*TASK*
Reproduce the tail of the data exactly. It starts at the line containing "(2) A homomorphism" and runs to the last line.

*PROVIDED DATA*
>>>>>
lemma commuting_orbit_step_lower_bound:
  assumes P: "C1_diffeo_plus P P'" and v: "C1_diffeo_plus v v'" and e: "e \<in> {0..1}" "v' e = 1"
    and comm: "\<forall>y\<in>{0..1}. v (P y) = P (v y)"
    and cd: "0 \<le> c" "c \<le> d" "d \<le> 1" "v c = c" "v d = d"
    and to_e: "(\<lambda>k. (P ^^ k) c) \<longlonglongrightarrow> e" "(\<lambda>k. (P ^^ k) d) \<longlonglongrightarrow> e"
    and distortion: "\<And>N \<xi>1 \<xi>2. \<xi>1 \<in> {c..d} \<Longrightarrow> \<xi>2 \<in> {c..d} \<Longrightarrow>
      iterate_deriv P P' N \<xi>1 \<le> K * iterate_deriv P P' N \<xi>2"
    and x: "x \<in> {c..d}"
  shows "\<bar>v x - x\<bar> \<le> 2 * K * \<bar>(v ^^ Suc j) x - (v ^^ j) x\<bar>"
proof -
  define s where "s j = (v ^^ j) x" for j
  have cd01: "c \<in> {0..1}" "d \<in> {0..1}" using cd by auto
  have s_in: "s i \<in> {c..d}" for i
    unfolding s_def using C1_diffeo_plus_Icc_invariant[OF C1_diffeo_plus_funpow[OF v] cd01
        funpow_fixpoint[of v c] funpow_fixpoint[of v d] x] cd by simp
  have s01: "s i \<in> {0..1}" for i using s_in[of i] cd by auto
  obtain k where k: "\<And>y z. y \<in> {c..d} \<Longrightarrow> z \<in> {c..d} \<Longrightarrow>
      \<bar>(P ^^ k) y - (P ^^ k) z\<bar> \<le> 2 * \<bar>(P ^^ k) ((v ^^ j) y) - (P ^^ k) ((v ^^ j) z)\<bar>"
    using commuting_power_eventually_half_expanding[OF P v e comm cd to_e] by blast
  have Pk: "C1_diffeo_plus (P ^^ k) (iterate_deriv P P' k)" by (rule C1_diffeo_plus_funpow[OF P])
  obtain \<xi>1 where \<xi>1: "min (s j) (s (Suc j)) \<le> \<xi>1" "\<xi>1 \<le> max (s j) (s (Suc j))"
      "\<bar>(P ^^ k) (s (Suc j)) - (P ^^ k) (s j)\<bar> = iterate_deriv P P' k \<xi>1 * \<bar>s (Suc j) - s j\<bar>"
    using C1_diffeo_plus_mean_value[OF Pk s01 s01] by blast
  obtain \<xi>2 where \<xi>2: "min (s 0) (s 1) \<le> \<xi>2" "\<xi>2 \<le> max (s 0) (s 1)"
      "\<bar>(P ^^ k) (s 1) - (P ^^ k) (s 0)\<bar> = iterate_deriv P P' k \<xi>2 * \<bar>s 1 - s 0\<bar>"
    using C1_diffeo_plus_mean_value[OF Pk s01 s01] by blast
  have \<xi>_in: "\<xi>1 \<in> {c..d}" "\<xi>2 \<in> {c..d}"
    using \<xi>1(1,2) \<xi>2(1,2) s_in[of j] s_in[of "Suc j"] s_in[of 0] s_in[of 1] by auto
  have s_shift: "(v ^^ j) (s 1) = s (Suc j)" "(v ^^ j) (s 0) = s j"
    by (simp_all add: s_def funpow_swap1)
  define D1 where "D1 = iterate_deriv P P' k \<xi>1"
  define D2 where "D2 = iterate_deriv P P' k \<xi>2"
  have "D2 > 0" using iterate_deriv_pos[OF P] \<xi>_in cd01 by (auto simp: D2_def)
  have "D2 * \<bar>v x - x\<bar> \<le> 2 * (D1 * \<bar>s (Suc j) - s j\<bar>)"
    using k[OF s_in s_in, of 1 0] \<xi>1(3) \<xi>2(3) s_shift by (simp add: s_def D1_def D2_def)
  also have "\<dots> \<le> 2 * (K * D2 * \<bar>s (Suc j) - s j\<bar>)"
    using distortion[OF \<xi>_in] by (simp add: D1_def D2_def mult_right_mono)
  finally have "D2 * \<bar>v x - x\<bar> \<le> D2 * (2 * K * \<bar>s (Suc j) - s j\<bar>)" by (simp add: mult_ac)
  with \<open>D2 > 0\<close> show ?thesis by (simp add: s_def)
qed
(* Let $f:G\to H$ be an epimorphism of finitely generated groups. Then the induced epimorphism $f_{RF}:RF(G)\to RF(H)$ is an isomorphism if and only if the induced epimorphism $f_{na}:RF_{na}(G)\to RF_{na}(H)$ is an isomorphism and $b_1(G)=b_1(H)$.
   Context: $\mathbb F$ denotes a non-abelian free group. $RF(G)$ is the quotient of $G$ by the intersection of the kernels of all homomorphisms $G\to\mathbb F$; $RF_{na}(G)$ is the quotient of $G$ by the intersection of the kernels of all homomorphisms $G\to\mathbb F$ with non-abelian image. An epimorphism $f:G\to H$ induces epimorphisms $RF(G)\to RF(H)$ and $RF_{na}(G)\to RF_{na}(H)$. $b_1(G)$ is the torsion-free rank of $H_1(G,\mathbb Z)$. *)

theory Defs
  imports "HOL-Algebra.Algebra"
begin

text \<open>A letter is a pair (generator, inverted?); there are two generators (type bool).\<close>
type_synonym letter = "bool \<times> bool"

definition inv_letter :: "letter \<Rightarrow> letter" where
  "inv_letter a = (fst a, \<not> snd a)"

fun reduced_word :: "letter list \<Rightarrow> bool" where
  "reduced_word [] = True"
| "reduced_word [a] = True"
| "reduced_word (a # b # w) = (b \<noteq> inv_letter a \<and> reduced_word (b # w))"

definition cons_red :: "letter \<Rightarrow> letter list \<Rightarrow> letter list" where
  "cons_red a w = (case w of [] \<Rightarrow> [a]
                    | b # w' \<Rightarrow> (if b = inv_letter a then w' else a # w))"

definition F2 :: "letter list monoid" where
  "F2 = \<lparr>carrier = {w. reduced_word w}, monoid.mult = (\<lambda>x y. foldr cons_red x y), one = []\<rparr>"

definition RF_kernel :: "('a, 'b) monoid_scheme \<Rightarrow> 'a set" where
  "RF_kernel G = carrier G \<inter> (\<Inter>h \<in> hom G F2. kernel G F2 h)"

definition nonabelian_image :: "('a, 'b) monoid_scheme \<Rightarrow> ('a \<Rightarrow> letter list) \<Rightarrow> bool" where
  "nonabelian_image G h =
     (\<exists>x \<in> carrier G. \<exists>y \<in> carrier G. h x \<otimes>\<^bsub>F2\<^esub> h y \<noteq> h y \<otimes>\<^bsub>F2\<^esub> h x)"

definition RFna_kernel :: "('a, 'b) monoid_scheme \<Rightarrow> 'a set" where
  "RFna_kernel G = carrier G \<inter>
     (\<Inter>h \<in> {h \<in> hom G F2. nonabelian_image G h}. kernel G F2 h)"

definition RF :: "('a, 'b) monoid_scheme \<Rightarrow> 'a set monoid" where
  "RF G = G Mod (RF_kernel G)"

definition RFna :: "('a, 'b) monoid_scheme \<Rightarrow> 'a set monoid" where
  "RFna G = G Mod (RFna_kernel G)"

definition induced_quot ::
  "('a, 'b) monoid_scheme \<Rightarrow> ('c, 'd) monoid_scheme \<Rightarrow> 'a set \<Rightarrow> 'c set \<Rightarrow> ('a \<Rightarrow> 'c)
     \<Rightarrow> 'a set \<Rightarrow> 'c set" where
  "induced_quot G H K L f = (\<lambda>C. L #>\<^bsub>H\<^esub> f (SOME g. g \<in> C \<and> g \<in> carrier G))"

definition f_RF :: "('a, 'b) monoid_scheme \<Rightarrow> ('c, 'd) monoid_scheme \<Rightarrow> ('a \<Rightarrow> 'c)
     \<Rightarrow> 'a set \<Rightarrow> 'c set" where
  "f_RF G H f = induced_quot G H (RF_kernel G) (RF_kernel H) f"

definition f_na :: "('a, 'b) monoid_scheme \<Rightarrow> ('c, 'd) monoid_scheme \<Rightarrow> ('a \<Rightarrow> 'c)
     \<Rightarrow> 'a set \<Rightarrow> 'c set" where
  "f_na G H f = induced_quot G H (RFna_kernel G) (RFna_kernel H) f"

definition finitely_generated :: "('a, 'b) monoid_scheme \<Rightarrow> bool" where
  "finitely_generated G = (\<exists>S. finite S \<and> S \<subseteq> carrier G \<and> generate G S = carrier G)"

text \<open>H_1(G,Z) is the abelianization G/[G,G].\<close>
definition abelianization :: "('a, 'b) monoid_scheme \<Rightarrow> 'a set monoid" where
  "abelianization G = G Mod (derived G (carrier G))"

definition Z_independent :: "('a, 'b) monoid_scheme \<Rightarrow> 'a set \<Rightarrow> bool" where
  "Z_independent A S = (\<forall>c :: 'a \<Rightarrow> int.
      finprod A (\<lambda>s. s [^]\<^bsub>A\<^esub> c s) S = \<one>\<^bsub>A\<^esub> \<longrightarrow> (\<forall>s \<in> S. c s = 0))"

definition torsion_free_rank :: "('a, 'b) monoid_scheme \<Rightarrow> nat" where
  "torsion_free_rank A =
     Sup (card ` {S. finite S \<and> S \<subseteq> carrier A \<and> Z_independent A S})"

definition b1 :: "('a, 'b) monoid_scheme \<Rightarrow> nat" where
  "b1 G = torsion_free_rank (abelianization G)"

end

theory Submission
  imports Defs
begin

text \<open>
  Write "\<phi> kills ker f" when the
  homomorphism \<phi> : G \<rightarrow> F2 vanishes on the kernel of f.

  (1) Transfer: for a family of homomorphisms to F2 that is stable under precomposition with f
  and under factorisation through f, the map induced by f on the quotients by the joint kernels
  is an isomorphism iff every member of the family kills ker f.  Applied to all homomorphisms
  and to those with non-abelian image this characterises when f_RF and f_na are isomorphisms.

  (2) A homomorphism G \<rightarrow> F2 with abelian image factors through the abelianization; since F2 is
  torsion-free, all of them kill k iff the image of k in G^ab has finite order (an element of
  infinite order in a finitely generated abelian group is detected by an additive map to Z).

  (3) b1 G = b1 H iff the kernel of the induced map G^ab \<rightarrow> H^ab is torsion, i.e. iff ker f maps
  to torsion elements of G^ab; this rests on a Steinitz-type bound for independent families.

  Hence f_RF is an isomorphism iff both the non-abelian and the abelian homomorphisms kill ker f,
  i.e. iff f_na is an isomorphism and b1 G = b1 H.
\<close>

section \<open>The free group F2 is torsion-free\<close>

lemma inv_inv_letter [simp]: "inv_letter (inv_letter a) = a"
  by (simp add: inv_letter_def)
<<<<<
*RESULT OF THE EXERCISE*
  (2) A homomorphism G \<rightarrow> F2 with abelian image factors through the abelianization; since F2 is
  torsion-free, all of them kill k iff the image of k in G^ab has finite order (an element of
  infinite order in a finitely generated abelian group is detected by an additive map to Z).

  (3) b1 G = b1 H iff the kernel of the induced map G^ab \<rightarrow> H^ab is torsion, i.e. iff ker f maps
  to torsion elements of G^ab; this rests on a Steinitz-type bound for independent families.

  Hence f_RF is an isomorphism iff both the non-abelian and the abelian homomorphisms kill ker f,
  i.e. iff f_na is an isomorphism and b1 G = b1 H.
\<close>

section \<open>The free group F2 is torsion-free\<close>

lemma inv_inv_letter [simp]: "inv_letter (inv_letter a) = a"
  by (simp add: inv_letter_def)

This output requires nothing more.